Thursday, January 26, 2012

van Zoonen and Gill readings


In the third chapter of van Zoonen’s book, she focuses on gender and the continued conceptualization of how it is seen in reality and media. The author states that human identity and gender are thought to be socially constructed, and products of what the media shape. Furthermore, the means by which humans determine who they are is through language and communication. I agree with what the author says here, and reminds me of the novel Middlesex by Jeffery Eugenides. It tells the story of Cal, who because of a genetic mutation, is unknowingly born a hermaphrodite. He grows up as female Callie, feeling as though he doesn’t belong and like something is wrong with him. It is only after an accident that he/she discovers the truth and must choose whether to undergo surgery or live a societal unacceptable life, living as both male and female.

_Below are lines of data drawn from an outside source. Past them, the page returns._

lemma is_index_sigma: "is_index n k \<Longrightarrow> is_index n (sigma k)"
  unfolding is_index_def sigma_def by auto presburger

lemma sigma_le: "1 \<le> k \<Longrightarrow> k \<le> 2*n \<Longrightarrow> sigma k \<le> 2*n"
  using is_index_sigma[of n k] unfolding is_index_def by auto

lemma oe_idxD:
  assumes "oe_idx n i j"
  shows "is_index n i" "is_index n j" "is_index n (sigma i)" "is_index n (sigma j)"
    "sigma (sigma i) = i" "sigma (sigma j) = j"
    "i \<noteq> j" "i \<noteq> sigma j" "sigma i \<noteq> j" "sigma i \<noteq> sigma j"
    "j \<noteq> i" "sigma j \<noteq> i" "j \<noteq> sigma i" "sigma j \<noteq> sigma i"
    "sigma i \<noteq> i" "sigma j \<noteq> j" "i \<noteq> sigma i" "j \<noteq> sigma j"
proof -
  have i: "1 \<le> i" "i \<le> 2*n" and j: "1 \<le> j" "j \<le> 2*n" and ij: "i \<noteq> j" "i \<noteq> sigma j"
    using assms unfolding oe_idx_def by auto
  then show "is_index n i" "is_index n j" "is_index n (sigma i)" "is_index n (sigma j)"
    using is_index_sigma unfolding is_index_def by blast+
  show "sigma (sigma i) = i" "sigma (sigma j) = j" using i j sigma_sigma by blast+
  show "sigma i \<noteq> i" "sigma j \<noteq> j" "i \<noteq> sigma i" "j \<noteq> sigma j"
    using sigma_ne[OF i(1)] sigma_ne[OF j(1)] by auto
  show "i \<noteq> j" "i \<noteq> sigma j" "sigma i \<noteq> j" "sigma i \<noteq> sigma j"
    "j \<noteq> i" "sigma j \<noteq> i" "j \<noteq> sigma i" "sigma j \<noteq> sigma i"
    using i j ij sigma_eq_iff[of i j] sigma_inj_iff[of i j] by auto
qed

lemma oe_idx_sigma: "oe_idx n i j \<Longrightarrow> oe_idx n (sigma j) (sigma i)"
  using oe_idxD[of n i j] unfolding oe_idx_def is_index_def by auto

lemma oe_idx_row: "3 \<le> q \<Longrightarrow> q \<le> 2*n \<Longrightarrow> oe_idx n 1 q"
  unfolding oe_idx_def using sigma_ge_3[of q] by auto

In Gill’s reading she talks about black feminism, and the exclusion of black and Third World women. I found it most interesting in this part that black women weren’t even considered part of the feminist movement because of their race, despite their gender. Especially in regards to abortions in the feminist campaigns, when black women had the opposite view on abortions, yet were still treated as black before being treated as women. Even in today’s advertisements, there is an absence of black models, and typically when there are black models, they are lighter skinned. In the following section about masculinities, I found it interesting that men, along with women, fall along some of the same unachievable standards that women have, such as “young, white, of good complexion, weight and height, etc.,” and those that don’t live up to that, feel inferior. Even as understanding masculinities in the same vein as feminism, as a relatively new phenomenon, men’s bodies as well as females bodies are sexualized in media as well, being put to a standard. In magazines such as Men’s Health and advertisements such as Calvin Klein and many colognes, men’s bodies are seen objects, more than as logical product campaign.